Child Study Observation To begin, I observed two children, one boy and one girl, at the Lakeview child study center. I observed substantial differences in how the two children interacted with other children, as well as adults. First, I observed the boy. He went through periods of verbal and non-verbal interaction. For example, he would speak to a teacher by asking her to watch him hoola-hoop.

Then, a few moments later he would ignore the teacher when she asked him a question. This verbal-non-verbal behavior continued through out the observation and when he moved from one area to another. On comparison, the girl that I observed was extremely vocal and stayed in one area during the entire observation. She enjoyed the company around her because she was vocally and physically active in a positive manner.

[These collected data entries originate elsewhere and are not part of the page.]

(* Fix $a\in(0,\tfrac12)$. Suppose that for some $E\in(0,1]$ and some $\lambda\le\lambda_0:=-1+a$ the $\Theta$-flow described in the context has a saddles connector from $(0,0)$ to $(\pi,-\pi)$. Then for every $E'\in[0,E)$ the $\Theta$-flow with parameters $(E',\lambda)$ has a corridor $\mathcal K_1(E',\lambda)$ of winding number $0$.
   Context: For $a\in(0,\tfrac12)$, $E\in[0,1]$, $\lambda\in\mathbb R$, the $\Theta$-flow is the system on the strip $[0,\pi]\times\mathbb R$ (with $\Theta$ understood mod $2\pi$ on the cylinder) $$\dot\theta=\sin\theta,\qquad \dot\Theta=-2a\sin\theta\cos\theta\cos\Theta+2aE\sin^2\theta\sin\Theta-\sin\Theta+2\lambda\sin\theta.$$ Its equilibria are $(0,0)$, $(0,\pi)$ (left) and $(\pi,-\pi)$, $(\pi,0)$ (right), mod $2\pi$ in $\Theta$. Let $\widetilde{\mathcal W}^-$ be the unique orbit in $(0,\pi)\times\mathbb R$ with $\alpha$-limit $(0,0)$ and $\widetilde{\mathcal W}^+$ the unique orbit with $\omega$-limit $(\pi,-\pi)$. A saddles connector from $(0,0)$ to $(\pi,-\pi)$ is an orbit in the strip with $\alpha$-limit $(0,0)$ and $\omega$-limit $(\pi,-\pi)$ (i.e. $\widetilde{\mathcal W}^-=\widetilde{\mathcal W}^+$). The flow has a corridor $\mathcal K_1(E,\lambda)$ of winding number $k\in\mathbb Z$ if $\widetilde{\mathcal W}^-\neq\widetilde{\mathcal W}^+$ and the $\omega$-limit of $\widetilde{\mathcal W}^-$ is $(\pi,-2\pi k)$. *)

theory Defs
  imports "HOL-Analysis.Analysis"
begin

text \<open>Vector field of the Theta-flow, in lifted coordinates (theta, Theta) on [0,pi] x R.\<close>
definition theta_field :: "real \<Rightarrow> real \<Rightarrow> real \<Rightarrow> real \<times> real \<Rightarrow> real \<times> real" where
  "theta_field a E lam p = (let \<theta> = fst p; \<Theta> = snd p in
     (sin \<theta>,
      - 2 * a * sin \<theta> * cos \<theta> * cos \<Theta> + 2 * a * E * (sin \<theta>)\<^sup>2 * sin \<Theta>
      - sin \<Theta> + 2 * lam * sin \<theta>))"

definition strip_orbit :: "real \<Rightarrow> real \<Rightarrow> real \<Rightarrow> (real \<Rightarrow> real \<times> real) \<Rightarrow> bool" where
  "strip_orbit a E lam \<gamma> \<longleftrightarrow>
     (\<forall>t. (\<gamma> has_vector_derivative theta_field a E lam (\<gamma> t)) (at t)
          \<and> 0 < fst (\<gamma> t) \<and> fst (\<gamma> t) < pi)"

definition alpha_lim :: "(real \<Rightarrow> real \<times> real) \<Rightarrow> real \<times> real \<Rightarrow> bool" where
  "alpha_lim \<gamma> p \<longleftrightarrow> (\<gamma> \<longlongrightarrow> p) at_bot"
(* For every $n \geq 1$, the base change map $BC : \mathcal{A}_n^t(\mathbb{R}) \to \mathcal{A}_n^t(\mathbb{C})$ is a continuous proper map of locally compact Hausdorff spaces.
   Context: For $F = \mathbb{R}$ or $\mathbb{C}$, $\mathcal{A}_n^t(F)$ is the tempered dual of $GL(n,F)$, topologized via Harish-Chandra's parametrization as the disjoint union $\bigsqcup_{(M,\sigma)} X(M)/W_\sigma(M)$: here $M$ runs over standard (block-diagonal) Levi subgroups, ${}^0M \subset M$ is the subgroup where each diagonal block has determinant of absolute value $1$, $\sigma$ runs over representatives of $W(M)$-orbits of discrete series representations of ${}^0M$ ($W(M)=N(M)/M$), $W_\sigma(M)$ is the stabilizer of $\sigma$, and $X(M)$ is the group of unramified unitary characters of $M$ (those trivial on ${}^0M$); the point $\chi \in X(M)$ corresponds to the parabolically induced representation $i_{GL(n),MN}(\chi\sigma \otimes 1)$. Each $X(M)/W_\sigma(M)$ carries the quotient topology from $X(M) \cong \mathbb{R}^{m}$. For $F=\mathbb{R}$, Levi subgroups correspond to partitions $n = 2q+r$ into $q$ twos and $r$ ones, $M \cong GL(2,\mathbb{R})^q \times (\mathbb{R}^\times)^r$ and $X(M) \cong \mathbb{R}^{q+r}$ via $\mathrm{diag}(g_1,\dots,g_q,\omega_1,\dots,\omega_r)\mapsto \prod|\det g_i|^{it_i}\prod |\omega_j|^{it_{q+j}}$; for $F=\mathbb{C}$ only the diagonal torus $T\cong(\mathbb{C}^\times)^n$ contributes, with $X(T)\cong\mathbb{R}^n$. Base change $BC$ is the map of tempered duals corresponding, under the local Langlands correspondence, to restriction of L-parameters from the Weil group $W_{\mathbb{R}} = \mathbb{C}^\times \rtimes \mathbb{Z}/2\mathbb{Z}$ to $W_{\mathbb{C}} = \mathbb{C}^\times$. Explicitly, for unitary characters $\chi_1,\dots,\chi_q$ of $\mathbb{C}^\times$ with $\chi_i \neq \chi_i^\sigma$ (where $\chi^\sigma(z)=\chi(\bar z)$), each defining a discrete series representation $\pi(\chi_i)$ of $GL(2,\mathbb{R})$, and unitary characters $\xi_1,\dots,\xi_r$ of $\mathbb{R}^\times$, the generalized principal series $\pi = i_{GL(n,\mathbb{R}),MN}(\pi(\chi_1)\otimes\dots\otimes\pi(\chi_q)\otimes\xi_1\otimes\dots\otimes\xi_r\otimes 1)$ is sent to $BC(\pi) = i_{GL(n,\mathbb{C}),B(\mathbb{C})}(\chi_1,\chi_1^\sigma,\dots,\chi_q,\chi_q^\sigma,\xi_1\circ N,\dots,\xi_r\circ N)$, where $B(\mathbb{C})$ is the Borel subgroup and $N(z) = z\bar z$. For $n=1$, $BC(\chi) = \chi\circ N$. *)

theory Defs
  imports "HOL-Analysis.Analysis"
begin

definition quotient_topology :: "'a topology \<Rightarrow> ('a \<Rightarrow> 'b) \<Rightarrow> 'b topology" where
  "quotient_topology X p =
     topology (\<lambda>U. U \<subseteq> p ` topspace X \<and> openin X {x \<in> topspace X. p x \<in> U})"

definition XM_top :: "nat \<Rightarrow> (nat \<Rightarrow> real) topology" where
  "XM_top m = product_topology (\<lambda>_. euclideanreal) {..<m}"

(* ---------------- F = R ----------------
   A standard Levi of GL(n,R) is given by (q,r) with 2q+r = n,
   M = GL(2,R)^q x (R^x)^r, X(M) = R^(q+r).
   A discrete series of 0M is given by (a,e):
     a i \<ge> 1 (i<q): the discrete series of 0GL(2,R) = SL^\<plusminus>(2,R) which is the
        restriction of pi(chi) with chi(z) = (z/|z|)^(a i) (and chi^sigma);
     e j \<in> bool (j<r): the character sgn^(e j) of 0(R^x) = {\<plusminus>1}.
   The point ((q,r),(a,e)), t  with t \<in> R^(q+r) is chi sigma, chi(g,w) =
   prod |det g_i|^(i t_i) prod |w_j|^(i t_(q+j)). *)

definition levi_dataR :: "nat \<Rightarrow> ((nat \<times> nat) \<times> ((nat \<Rightarrow> nat) \<times> (nat \<Rightarrow> bool))) set" where
  "levi_dataR n = {((q,r),(a,e)). 2*q + r = n \<and> a \<in> {..<q} \<rightarrow>\<^sub>E {1..} \<and> e \<in> {..<r} \<rightarrow>\<^sub>E UNIV}"
lemma comp_edges_cases:
  "v \<in> verts E \<Longrightarrow> (\<exists>c\<in>hexes E. comp_edges E F v = cell_edges c) \<or> (\<exists>e. comp_edges E F v = {e})"
  using is_clar_cover unfolding clar_cover_def by blast

lemma F_edge_nonempty: "e \<in> F \<Longrightarrow> e \<noteq> {}"
  using subset_E by (intro lattice_edge_nonempty lattice_edges) blast

lemma mem_own_comp_edges:
  assumes v: "v \<in> verts E"
  shows "v \<in> \<Union>(comp_edges E F v)"
proof -
  have "comp_edges E F v \<noteq> {}"
    using comp_edges_cases[OF v]
  proof (elim disjE bexE exE)
    fix c assume "comp_edges E F v = cell_edges c"
    then show ?thesis
      using cell_edge_in_cell_edges[of c 0] by auto
  qed auto
  then obtain e where "e \<in> comp_edges E F v"
    by blast
  moreover have "e \<noteq> {}"
    using calculation comp_edges_subset F_edge_nonempty by blast
  ultimately show ?thesis
    by (rule mem_Union_comp_edges)
qed

lemma comp_edges_hex_comp:
  assumes "c \<in> hex_comps E F" "u \<in> cell_vertices c"
  shows "comp_edges E F u = cell_edges c"
proof -
  obtain v where "comp_edges E F v = cell_edges c"
    using assms(1) unfolding hex_comps_def by blast
  moreover have "u \<in> \<Union>(cell_edges c)"
    using assms(2) cell_vertices_eq_Union by blast
  ultimately show ?thesis
    using comp_edges_eq_if_mem by metis
qed

lemma comp_edges_edge_comp:
  assumes "e \<in> edge_comps E F" "u \<in> e"
  shows "comp_edges E F u = {e}"
proof -
  obtain v where "comp_edges E F v = {e}"
    using assms(1) unfolding edge_comps_def by blast
  moreover have "u \<in> \<Union>{e}"
    using assms(2) by blast
  ultimately show ?thesis
    using comp_edges_eq_if_mem by metis
qed

lemma covers_comps:
  assumes v: "v \<in> verts E"
  shows "(\<exists>c\<in>hex_comps E F. v \<in> cell_vertices c) \<or> (\<exists>e\<in>edge_comps E F. v \<in> e)"
  using comp_edges_cases[OF v]
proof
  assume "\<exists>c\<in>hexes E. comp_edges E F v = cell_edges c"
  then obtain c where c: "c \<in> hexes E" "comp_edges E F v = cell_edges c"
    by blast
  then have "c \<in> hex_comps E F"
    unfolding hex_comps_def using v by blast
  moreover have "v \<in> cell_vertices c"
    using mem_own_comp_edges[OF v] c(2) cell_vertices_eq_Union by simp
  ultimately show ?thesis
    by blast
next
  assume "\<exists>e. comp_edges E F v = {e}"
  then obtain e where e: "comp_edges E F v = {e}"
    by blast
  then have "e \<in> edge_comps E F"
    unfolding edge_comps_def using v by blast
  moreover have "v \<in> e"
    using mem_own_comp_edges[OF v] e by simp
  ultimately show ?thesis
    by blast
qed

The girl seemed to be quite comfortable in a tightly knitted group, slightly brushing against the teacher and other children she was playing with. On the other hand, the boy was distant and on the move. He was active and enjoyed keeping to himself. He would approach a group and keep his distance as the watched the other children participate, seemingly, as if he were conducting his own observation study.

Moreover, the interactions with adults were distinctly different. With the exception of hoola-hoop, the boy mainly used non-verbal communication. At times where he was asked a question that he could not answer with a head movement, he would just avoid the question by waling away. In comparison, the girl was very vocal and enjoyed speaking to adults.

Along with her extreme talkativeness, she was not bothered by physical contact at all. In fact, when she spoke to someone, she walked right up to him or her and touched him or her somehow, either by hand contact or brushing against him or her. More importantly, the girl seemed to appear capable of successful social interaction, where as, the boy seemed capable, but preferred not to socialize. He was not ignored by others, but rather chose to ignore others himself.

Furthermore, overall, there are significant differences of social interaction behaviors between boys and girls based on the data I obtained from this observation. Undoubtedly, I cannot generalize these differences to all boys and girls solely on the data from this observation; nevertheless, the data obtained is interesting enough!